(Record set Opens)

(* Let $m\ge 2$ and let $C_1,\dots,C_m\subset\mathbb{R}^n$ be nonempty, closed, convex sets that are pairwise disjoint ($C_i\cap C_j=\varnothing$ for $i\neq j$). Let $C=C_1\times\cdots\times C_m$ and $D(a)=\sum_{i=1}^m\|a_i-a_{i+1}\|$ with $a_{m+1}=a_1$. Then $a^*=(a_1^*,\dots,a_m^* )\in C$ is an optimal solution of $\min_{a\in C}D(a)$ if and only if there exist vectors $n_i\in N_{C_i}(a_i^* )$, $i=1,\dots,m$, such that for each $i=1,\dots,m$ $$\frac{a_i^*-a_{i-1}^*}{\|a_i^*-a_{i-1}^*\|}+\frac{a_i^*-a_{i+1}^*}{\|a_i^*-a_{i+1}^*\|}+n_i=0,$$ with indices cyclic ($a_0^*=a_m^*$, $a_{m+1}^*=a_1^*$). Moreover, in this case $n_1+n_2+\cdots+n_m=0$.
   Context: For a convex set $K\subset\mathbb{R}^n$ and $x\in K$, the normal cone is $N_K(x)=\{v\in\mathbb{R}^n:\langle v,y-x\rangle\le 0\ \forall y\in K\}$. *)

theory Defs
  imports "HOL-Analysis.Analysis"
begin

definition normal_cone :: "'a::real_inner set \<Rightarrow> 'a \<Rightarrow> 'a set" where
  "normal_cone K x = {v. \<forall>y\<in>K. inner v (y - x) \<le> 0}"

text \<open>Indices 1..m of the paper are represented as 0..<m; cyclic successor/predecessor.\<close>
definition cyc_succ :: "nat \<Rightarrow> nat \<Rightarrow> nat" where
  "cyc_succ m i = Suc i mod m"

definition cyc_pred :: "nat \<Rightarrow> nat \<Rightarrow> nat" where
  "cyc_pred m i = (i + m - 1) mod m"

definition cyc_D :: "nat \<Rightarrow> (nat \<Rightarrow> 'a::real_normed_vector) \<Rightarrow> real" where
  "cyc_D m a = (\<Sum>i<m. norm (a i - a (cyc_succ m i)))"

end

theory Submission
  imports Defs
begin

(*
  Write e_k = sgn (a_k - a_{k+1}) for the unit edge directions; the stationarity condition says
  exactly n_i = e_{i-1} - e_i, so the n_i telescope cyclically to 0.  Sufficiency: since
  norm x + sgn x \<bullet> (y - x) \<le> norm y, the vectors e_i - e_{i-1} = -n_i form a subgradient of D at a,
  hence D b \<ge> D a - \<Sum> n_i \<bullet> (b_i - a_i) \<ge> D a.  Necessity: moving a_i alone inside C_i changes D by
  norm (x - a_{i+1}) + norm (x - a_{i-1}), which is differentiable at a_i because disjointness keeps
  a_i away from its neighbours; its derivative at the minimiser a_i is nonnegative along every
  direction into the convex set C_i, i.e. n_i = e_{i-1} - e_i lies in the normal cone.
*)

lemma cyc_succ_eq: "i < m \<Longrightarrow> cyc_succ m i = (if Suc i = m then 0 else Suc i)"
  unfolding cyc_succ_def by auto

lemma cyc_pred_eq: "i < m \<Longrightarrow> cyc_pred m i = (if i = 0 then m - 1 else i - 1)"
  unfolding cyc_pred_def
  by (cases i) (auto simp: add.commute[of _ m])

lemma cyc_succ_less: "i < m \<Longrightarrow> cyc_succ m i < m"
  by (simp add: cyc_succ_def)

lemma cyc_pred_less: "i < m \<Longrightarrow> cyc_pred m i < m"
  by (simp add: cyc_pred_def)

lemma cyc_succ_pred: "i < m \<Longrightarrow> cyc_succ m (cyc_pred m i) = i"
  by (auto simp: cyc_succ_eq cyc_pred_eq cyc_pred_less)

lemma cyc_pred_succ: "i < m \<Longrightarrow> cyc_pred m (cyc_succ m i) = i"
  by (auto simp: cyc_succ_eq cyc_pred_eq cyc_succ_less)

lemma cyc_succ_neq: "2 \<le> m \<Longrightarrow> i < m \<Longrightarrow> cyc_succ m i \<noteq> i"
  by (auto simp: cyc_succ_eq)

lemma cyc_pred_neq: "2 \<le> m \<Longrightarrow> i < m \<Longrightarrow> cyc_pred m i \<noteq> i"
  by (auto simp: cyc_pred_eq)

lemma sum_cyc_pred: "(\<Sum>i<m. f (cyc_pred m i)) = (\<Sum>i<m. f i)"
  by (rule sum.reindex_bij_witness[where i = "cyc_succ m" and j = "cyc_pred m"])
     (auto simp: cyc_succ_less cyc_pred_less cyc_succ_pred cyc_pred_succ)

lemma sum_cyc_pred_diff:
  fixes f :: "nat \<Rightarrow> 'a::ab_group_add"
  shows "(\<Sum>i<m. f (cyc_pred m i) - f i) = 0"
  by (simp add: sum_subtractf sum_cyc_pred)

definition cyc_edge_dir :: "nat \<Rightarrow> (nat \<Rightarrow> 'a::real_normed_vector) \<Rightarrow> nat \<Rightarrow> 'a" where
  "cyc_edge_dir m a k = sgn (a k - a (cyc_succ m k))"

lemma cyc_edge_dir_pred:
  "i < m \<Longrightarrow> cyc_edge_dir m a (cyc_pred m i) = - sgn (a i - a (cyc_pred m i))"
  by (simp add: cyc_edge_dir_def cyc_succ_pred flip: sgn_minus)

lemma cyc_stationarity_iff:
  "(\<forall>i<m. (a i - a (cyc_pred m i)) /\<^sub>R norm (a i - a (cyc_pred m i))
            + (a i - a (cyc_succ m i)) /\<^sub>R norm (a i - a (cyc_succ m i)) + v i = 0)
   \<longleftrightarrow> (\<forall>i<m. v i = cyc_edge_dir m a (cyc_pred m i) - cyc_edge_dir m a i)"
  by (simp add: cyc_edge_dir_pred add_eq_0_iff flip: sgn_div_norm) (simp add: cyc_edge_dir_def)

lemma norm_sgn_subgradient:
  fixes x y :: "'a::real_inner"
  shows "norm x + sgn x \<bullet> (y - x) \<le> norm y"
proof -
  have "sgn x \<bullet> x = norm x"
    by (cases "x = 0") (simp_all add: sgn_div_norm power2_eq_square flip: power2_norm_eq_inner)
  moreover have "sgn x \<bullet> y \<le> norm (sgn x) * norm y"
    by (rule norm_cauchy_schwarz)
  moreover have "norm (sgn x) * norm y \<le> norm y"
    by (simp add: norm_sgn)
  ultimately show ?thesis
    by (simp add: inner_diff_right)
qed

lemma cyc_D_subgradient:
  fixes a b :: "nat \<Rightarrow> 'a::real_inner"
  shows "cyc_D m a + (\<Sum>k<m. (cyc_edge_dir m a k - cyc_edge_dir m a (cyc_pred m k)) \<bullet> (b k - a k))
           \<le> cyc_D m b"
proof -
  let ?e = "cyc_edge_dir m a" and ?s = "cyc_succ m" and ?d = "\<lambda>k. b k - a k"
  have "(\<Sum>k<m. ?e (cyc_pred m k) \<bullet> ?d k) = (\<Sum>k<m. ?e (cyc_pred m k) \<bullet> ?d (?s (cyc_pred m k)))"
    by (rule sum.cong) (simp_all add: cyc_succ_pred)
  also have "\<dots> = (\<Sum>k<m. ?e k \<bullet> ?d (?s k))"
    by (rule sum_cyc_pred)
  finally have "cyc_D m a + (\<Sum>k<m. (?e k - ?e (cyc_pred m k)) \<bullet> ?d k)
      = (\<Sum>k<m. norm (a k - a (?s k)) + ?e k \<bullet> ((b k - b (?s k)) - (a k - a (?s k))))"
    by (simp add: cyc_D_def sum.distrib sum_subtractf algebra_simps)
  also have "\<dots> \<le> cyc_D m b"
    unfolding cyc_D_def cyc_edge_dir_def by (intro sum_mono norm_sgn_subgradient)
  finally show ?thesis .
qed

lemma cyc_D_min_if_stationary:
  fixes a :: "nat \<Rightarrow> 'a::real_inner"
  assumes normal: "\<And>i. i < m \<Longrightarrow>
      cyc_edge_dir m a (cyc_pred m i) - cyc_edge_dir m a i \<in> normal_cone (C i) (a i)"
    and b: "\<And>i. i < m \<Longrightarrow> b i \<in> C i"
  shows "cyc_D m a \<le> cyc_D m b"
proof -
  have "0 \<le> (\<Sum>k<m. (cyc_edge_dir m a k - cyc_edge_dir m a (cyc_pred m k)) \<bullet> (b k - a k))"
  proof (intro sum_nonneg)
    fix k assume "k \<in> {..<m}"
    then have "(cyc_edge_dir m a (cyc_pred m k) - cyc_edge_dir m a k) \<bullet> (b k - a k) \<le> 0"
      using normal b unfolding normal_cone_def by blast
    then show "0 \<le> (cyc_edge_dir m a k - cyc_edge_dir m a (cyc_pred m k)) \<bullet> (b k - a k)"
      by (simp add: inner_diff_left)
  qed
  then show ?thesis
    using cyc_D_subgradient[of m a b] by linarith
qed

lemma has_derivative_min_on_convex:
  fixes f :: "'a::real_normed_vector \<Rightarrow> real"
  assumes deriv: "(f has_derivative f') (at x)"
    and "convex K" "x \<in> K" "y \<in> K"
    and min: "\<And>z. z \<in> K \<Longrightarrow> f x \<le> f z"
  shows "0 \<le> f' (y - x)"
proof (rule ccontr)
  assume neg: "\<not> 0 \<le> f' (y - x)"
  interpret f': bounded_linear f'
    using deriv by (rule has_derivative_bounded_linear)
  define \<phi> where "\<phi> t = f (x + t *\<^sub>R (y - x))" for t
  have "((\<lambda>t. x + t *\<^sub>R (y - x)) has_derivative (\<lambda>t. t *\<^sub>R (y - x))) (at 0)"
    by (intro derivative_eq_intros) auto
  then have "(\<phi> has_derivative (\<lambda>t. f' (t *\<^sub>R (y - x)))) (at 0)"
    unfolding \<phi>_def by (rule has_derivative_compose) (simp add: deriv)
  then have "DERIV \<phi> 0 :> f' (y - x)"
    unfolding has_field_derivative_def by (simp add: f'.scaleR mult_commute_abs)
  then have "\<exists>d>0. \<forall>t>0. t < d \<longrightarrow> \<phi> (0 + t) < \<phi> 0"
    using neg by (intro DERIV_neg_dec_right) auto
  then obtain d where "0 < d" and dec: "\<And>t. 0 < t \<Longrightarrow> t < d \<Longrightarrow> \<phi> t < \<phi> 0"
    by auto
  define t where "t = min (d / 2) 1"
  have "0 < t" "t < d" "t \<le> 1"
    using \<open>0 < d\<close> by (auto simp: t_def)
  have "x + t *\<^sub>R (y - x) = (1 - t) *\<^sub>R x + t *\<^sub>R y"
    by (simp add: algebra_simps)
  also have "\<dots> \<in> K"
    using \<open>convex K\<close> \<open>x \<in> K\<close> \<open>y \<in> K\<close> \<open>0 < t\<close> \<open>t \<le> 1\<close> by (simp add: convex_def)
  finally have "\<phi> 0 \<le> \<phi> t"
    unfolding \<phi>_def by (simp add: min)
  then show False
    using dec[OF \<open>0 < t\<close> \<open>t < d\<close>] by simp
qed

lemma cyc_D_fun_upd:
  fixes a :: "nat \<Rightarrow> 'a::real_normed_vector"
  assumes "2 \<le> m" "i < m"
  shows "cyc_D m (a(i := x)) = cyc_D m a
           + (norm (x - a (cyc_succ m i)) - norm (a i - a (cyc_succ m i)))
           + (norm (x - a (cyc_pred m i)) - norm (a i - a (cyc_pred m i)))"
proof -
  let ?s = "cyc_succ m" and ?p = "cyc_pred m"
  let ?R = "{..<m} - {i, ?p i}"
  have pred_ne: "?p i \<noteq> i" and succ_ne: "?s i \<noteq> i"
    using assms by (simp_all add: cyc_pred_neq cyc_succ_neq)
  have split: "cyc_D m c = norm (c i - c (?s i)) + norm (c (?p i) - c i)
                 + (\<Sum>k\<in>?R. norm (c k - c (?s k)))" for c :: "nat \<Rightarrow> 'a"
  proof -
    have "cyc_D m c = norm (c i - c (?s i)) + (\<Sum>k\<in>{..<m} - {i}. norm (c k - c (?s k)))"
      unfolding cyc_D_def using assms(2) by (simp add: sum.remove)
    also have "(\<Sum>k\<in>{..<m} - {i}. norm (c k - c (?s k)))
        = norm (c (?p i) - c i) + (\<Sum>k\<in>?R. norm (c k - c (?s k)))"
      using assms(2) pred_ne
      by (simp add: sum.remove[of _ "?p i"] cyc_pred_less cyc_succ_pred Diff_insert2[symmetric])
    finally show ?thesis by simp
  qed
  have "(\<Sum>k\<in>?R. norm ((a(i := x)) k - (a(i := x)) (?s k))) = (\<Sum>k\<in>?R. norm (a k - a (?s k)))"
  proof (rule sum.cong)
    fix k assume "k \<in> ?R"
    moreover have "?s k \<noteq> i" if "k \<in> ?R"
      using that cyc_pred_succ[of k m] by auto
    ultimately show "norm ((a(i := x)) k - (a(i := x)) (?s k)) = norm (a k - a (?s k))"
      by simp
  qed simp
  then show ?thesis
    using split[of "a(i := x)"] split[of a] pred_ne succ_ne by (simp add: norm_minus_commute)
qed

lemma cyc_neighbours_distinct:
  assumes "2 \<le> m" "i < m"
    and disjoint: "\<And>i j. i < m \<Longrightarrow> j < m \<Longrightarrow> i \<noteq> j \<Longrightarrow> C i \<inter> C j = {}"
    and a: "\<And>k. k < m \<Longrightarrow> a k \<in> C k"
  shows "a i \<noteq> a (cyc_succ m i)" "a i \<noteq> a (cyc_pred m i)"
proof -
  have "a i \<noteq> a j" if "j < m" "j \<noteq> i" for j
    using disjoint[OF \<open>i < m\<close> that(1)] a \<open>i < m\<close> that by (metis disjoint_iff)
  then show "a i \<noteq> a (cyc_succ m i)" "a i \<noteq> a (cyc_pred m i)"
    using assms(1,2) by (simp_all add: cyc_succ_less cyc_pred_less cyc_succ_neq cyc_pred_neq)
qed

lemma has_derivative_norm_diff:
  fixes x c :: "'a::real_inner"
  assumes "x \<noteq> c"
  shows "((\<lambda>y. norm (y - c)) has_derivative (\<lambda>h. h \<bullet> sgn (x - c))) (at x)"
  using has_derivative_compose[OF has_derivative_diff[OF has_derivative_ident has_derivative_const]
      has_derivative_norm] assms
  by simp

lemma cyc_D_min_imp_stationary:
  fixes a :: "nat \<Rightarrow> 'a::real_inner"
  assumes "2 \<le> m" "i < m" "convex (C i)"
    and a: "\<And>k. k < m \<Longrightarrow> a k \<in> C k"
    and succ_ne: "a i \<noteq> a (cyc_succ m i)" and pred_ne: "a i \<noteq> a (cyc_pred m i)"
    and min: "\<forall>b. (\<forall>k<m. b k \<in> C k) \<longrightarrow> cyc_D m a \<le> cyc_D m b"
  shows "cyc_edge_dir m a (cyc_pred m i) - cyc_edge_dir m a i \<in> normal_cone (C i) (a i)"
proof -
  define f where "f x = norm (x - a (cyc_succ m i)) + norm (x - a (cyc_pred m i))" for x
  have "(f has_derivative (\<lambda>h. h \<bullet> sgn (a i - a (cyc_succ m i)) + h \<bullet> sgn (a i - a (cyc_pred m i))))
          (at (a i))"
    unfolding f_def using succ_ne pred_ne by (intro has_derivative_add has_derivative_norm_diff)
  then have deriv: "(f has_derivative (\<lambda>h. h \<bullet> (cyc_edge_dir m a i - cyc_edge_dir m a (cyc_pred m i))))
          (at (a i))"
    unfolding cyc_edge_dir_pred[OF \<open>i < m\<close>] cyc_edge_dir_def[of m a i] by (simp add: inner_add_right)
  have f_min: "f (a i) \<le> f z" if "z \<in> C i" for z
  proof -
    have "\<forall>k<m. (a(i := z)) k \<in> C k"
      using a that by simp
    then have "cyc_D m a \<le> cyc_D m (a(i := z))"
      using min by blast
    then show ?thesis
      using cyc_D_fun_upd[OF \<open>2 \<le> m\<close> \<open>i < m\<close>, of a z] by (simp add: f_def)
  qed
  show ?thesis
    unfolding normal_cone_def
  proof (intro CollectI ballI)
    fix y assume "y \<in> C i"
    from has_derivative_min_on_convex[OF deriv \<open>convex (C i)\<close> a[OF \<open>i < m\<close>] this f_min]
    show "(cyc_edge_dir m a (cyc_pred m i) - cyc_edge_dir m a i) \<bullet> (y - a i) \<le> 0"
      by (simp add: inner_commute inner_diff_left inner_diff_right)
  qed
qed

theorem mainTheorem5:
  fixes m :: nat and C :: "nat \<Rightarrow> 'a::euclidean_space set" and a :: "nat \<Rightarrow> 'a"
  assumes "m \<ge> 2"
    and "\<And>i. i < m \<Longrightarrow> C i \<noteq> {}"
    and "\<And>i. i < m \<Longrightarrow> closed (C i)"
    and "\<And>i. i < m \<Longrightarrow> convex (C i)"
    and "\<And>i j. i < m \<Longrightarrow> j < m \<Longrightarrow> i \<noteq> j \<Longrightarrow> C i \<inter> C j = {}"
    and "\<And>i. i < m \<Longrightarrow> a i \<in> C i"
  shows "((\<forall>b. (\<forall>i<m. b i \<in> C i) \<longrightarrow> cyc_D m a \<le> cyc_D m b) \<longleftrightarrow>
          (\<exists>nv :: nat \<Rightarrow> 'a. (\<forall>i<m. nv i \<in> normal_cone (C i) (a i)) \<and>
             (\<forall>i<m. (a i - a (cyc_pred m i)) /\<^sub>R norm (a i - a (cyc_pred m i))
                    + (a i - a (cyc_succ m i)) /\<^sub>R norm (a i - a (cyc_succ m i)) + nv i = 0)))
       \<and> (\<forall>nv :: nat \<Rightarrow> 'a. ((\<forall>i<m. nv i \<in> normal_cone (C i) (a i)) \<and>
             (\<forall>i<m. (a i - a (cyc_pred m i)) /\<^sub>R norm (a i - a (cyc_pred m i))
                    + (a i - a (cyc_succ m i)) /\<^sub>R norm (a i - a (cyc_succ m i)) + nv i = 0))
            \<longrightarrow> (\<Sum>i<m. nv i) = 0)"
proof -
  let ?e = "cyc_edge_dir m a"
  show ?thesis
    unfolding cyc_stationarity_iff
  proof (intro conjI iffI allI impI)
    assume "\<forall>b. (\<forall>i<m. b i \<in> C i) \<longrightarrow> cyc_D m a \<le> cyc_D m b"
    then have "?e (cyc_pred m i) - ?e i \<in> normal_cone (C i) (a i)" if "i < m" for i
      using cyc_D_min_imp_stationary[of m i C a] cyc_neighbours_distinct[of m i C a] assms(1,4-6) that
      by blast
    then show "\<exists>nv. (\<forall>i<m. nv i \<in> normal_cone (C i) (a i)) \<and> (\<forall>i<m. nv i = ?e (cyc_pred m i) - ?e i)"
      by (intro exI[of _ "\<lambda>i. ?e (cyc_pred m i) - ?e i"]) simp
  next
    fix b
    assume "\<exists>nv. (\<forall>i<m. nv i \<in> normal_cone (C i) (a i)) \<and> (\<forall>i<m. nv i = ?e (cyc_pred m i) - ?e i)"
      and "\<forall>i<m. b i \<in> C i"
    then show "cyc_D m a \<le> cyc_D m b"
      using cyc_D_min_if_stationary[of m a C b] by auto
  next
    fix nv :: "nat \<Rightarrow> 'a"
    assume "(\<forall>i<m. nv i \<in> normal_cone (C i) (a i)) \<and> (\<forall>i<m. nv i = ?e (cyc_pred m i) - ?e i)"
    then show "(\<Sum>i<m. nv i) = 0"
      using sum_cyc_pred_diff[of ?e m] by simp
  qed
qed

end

(Record set Closes)
(Record set Opens)

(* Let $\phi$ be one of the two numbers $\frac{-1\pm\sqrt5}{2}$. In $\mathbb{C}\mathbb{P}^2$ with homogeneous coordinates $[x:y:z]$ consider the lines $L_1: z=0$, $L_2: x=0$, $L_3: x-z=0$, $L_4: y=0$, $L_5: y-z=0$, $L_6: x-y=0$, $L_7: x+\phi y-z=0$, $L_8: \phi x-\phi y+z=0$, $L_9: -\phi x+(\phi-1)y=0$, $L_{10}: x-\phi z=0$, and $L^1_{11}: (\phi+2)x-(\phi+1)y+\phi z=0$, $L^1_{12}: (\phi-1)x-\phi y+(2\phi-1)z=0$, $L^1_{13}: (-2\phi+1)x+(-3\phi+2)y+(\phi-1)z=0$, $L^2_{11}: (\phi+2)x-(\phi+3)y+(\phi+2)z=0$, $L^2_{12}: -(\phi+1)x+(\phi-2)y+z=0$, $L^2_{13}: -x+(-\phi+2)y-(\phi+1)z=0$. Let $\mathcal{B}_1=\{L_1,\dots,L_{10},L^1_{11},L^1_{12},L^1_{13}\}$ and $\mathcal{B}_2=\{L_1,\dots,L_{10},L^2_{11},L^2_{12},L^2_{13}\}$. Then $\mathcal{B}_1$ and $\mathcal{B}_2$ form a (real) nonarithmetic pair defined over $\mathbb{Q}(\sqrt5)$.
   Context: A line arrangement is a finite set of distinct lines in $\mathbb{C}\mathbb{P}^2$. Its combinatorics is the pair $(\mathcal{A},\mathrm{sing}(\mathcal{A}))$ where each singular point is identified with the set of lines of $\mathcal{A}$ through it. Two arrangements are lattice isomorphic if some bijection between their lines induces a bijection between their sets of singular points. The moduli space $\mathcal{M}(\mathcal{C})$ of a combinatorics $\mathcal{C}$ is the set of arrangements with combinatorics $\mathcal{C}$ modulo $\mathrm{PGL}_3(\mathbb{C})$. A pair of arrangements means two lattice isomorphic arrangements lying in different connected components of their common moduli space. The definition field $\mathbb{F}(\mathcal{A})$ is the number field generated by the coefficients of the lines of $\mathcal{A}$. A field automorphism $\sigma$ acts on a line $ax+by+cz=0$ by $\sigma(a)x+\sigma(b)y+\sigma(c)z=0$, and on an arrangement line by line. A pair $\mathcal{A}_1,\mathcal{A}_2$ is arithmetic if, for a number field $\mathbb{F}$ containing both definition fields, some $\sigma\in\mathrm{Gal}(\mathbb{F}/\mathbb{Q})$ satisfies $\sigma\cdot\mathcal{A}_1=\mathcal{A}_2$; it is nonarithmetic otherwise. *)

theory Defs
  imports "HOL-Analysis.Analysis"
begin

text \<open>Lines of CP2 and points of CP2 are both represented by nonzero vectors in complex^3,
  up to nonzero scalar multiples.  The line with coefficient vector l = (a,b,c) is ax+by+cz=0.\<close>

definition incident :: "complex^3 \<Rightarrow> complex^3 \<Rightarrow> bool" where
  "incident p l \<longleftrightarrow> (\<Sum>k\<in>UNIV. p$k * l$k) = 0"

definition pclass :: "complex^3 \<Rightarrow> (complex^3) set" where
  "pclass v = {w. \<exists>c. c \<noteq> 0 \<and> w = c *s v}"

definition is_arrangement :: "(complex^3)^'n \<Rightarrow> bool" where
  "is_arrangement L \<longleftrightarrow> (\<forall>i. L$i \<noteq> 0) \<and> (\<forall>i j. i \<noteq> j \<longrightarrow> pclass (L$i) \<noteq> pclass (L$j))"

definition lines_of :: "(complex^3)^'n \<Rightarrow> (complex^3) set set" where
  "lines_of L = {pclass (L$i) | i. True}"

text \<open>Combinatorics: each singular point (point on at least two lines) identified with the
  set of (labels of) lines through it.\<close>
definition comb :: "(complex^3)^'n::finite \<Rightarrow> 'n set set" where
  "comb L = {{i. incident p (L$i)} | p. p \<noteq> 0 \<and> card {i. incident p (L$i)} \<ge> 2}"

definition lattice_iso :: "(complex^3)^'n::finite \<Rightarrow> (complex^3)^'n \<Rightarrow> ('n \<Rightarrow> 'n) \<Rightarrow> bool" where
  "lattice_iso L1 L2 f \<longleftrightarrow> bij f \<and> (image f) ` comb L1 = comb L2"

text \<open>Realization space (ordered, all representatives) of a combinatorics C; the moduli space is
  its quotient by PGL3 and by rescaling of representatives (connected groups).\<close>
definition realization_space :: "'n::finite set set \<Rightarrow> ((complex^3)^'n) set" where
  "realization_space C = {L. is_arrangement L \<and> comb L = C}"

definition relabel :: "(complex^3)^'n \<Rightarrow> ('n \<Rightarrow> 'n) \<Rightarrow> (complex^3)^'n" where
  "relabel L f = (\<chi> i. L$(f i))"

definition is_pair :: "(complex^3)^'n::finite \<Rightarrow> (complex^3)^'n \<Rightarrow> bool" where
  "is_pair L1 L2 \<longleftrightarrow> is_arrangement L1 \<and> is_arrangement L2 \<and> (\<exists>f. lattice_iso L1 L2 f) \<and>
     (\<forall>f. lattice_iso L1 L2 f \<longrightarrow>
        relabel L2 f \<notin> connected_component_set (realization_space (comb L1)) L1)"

(Record set Closes)

Assigned task |
Return, word for word, the lines of the data above from the line with "(* Let $m\ge" through the line with "(i + m - 1) mod", inclusive.

Response |
(* Let $m\ge 2$ and let $C_1,\dots,C_m\subset\mathbb{R}^n$ be nonempty, closed, convex sets that are pairwise disjoint ($C_i\cap C_j=\varnothing$ for $i\neq j$). Let $C=C_1\times\cdots\times C_m$ and $D(a)=\sum_{i=1}^m\|a_i-a_{i+1}\|$ with $a_{m+1}=a_1$. Then $a^*=(a_1^*,\dots,a_m^* )\in C$ is an optimal solution of $\min_{a\in C}D(a)$ if and only if there exist vectors $n_i\in N_{C_i}(a_i^* )$, $i=1,\dots,m$, such that for each $i=1,\dots,m$ $$\frac{a_i^*-a_{i-1}^*}{\|a_i^*-a_{i-1}^*\|}+\frac{a_i^*-a_{i+1}^*}{\|a_i^*-a_{i+1}^*\|}+n_i=0,$$ with indices cyclic ($a_0^*=a_m^*$, $a_{m+1}^*=a_1^*$). Moreover, in this case $n_1+n_2+\cdots+n_m=0$.
   Context: For a convex set $K\subset\mathbb{R}^n$ and $x\in K$, the normal cone is $N_K(x)=\{v\in\mathbb{R}^n:\langle v,y-x\rangle\le 0\ \forall y\in K\}$. *)

theory Defs
  imports "HOL-Analysis.Analysis"
begin

definition normal_cone :: "'a::real_inner set \<Rightarrow> 'a \<Rightarrow> 'a set" where
  "normal_cone K x = {v. \<forall>y\<in>K. inner v (y - x) \<le> 0}"

text \<open>Indices 1..m of the paper are represented as 0..<m; cyclic successor/predecessor.\<close>
definition cyc_succ :: "nat \<Rightarrow> nat \<Rightarrow> nat" where
  "cyc_succ m i = Suc i mod m"

definition cyc_pred :: "nat \<Rightarrow> nat \<Rightarrow> nat" where
  "cyc_pred m i = (i + m - 1) mod m"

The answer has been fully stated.